**PROBLEM TO WORK ON**
Up to and including the line that contains "by (auto simp: V_def)", reproduce every line exactly, beginning with the first line below.

+++

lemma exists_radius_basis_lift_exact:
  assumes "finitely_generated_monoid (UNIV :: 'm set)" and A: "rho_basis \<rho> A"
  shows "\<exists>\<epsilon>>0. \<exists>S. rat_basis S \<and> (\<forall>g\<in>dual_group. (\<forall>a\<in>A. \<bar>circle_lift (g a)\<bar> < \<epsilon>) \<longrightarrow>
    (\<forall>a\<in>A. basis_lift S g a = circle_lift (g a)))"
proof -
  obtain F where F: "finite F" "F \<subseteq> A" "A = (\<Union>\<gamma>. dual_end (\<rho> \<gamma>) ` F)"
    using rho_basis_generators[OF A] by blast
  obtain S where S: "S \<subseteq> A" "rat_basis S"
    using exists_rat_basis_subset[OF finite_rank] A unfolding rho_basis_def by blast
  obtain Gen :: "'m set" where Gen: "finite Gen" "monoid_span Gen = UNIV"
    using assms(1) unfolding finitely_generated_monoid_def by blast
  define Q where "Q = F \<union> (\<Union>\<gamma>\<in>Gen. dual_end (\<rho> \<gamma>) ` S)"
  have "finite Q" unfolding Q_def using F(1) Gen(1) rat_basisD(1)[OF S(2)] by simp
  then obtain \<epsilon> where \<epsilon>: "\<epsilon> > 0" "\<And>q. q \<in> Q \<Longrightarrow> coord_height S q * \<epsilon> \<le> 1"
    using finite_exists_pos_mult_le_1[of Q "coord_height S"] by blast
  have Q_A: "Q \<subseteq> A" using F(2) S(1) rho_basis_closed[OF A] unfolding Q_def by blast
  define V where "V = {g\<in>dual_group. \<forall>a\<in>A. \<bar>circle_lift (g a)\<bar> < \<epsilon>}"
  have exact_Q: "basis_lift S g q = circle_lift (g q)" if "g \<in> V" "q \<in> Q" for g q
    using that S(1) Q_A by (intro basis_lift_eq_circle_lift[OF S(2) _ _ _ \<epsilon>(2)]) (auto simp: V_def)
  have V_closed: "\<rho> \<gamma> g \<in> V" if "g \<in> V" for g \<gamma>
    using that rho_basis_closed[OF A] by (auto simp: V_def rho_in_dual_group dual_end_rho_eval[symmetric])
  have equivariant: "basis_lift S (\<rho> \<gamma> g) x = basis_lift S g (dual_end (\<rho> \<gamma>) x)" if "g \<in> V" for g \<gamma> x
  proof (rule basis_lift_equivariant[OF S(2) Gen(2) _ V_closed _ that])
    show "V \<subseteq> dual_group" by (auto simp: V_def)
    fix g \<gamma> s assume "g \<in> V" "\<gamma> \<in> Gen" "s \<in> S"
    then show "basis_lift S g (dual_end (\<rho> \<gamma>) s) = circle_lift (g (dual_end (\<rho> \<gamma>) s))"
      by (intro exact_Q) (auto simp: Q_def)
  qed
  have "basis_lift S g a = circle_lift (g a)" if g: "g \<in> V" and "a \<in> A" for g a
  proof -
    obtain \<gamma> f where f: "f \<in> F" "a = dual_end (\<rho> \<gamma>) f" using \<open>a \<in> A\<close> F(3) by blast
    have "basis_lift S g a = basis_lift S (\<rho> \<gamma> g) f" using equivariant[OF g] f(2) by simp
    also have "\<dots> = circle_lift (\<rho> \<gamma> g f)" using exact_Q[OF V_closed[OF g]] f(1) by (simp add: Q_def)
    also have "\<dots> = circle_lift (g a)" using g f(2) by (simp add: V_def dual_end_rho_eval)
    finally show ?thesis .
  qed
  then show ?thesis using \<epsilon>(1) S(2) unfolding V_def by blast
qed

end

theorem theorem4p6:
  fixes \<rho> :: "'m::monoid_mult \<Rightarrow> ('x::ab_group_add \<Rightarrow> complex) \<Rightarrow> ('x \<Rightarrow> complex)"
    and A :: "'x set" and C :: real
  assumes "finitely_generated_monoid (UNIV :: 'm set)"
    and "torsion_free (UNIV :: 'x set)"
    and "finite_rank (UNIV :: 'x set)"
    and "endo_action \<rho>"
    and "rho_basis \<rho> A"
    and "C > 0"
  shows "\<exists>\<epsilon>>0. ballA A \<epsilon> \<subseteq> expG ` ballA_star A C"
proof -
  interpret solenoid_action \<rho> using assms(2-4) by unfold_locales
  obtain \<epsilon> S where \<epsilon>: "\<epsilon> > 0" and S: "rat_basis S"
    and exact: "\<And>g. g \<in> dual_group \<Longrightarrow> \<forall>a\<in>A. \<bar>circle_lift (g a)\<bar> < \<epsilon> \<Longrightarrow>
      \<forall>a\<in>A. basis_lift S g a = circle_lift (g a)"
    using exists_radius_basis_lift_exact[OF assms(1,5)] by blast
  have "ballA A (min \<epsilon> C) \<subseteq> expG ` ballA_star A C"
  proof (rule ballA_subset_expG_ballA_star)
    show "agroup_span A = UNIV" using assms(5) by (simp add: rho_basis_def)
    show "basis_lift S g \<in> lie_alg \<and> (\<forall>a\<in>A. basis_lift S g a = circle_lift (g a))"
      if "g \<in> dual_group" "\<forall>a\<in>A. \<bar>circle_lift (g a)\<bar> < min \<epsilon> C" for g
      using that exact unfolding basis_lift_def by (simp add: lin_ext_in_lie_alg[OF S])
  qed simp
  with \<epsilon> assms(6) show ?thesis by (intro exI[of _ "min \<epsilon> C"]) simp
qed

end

+++

**SOLUTION TO THE PROBLEM**
lemma exists_radius_basis_lift_exact:
  assumes "finitely_generated_monoid (UNIV :: 'm set)" and A: "rho_basis \<rho> A"
  shows "\<exists>\<epsilon>>0. \<exists>S. rat_basis S \<and> (\<forall>g\<in>dual_group. (\<forall>a\<in>A. \<bar>circle_lift (g a)\<bar> < \<epsilon>) \<longrightarrow>
    (\<forall>a\<in>A. basis_lift S g a = circle_lift (g a)))"
proof -
  obtain F where F: "finite F" "F \<subseteq> A" "A = (\<Union>\<gamma>. dual_end (\<rho> \<gamma>) ` F)"
    using rho_basis_generators[OF A] by blast
  obtain S where S: "S \<subseteq> A" "rat_basis S"
    using exists_rat_basis_subset[OF finite_rank] A unfolding rho_basis_def by blast
  obtain Gen :: "'m set" where Gen: "finite Gen" "monoid_span Gen = UNIV"
    using assms(1) unfolding finitely_generated_monoid_def by blast
  define Q where "Q = F \<union> (\<Union>\<gamma>\<in>Gen. dual_end (\<rho> \<gamma>) ` S)"
  have "finite Q" unfolding Q_def using F(1) Gen(1) rat_basisD(1)[OF S(2)] by simp
  then obtain \<epsilon> where \<epsilon>: "\<epsilon> > 0" "\<And>q. q \<in> Q \<Longrightarrow> coord_height S q * \<epsilon> \<le> 1"
    using finite_exists_pos_mult_le_1[of Q "coord_height S"] by blast
  have Q_A: "Q \<subseteq> A" using F(2) S(1) rho_basis_closed[OF A] unfolding Q_def by blast
  define V where "V = {g\<in>dual_group. \<forall>a\<in>A. \<bar>circle_lift (g a)\<bar> < \<epsilon>}"
  have exact_Q: "basis_lift S g q = circle_lift (g q)" if "g \<in> V" "q \<in> Q" for g q
    using that S(1) Q_A by (intro basis_lift_eq_circle_lift[OF S(2) _ _ _ \<epsilon>(2)]) (auto simp: V_def)
  have V_closed: "\<rho> \<gamma> g \<in> V" if "g \<in> V" for g \<gamma>
    using that rho_basis_closed[OF A] by (auto simp: V_def rho_in_dual_group dual_end_rho_eval[symmetric])
  have equivariant: "basis_lift S (\<rho> \<gamma> g) x = basis_lift S g (dual_end (\<rho> \<gamma>) x)" if "g \<in> V" for g \<gamma> x
  proof (rule basis_lift_equivariant[OF S(2) Gen(2) _ V_closed _ that])
    show "V \<subseteq> dual_group" by (auto simp: V_def)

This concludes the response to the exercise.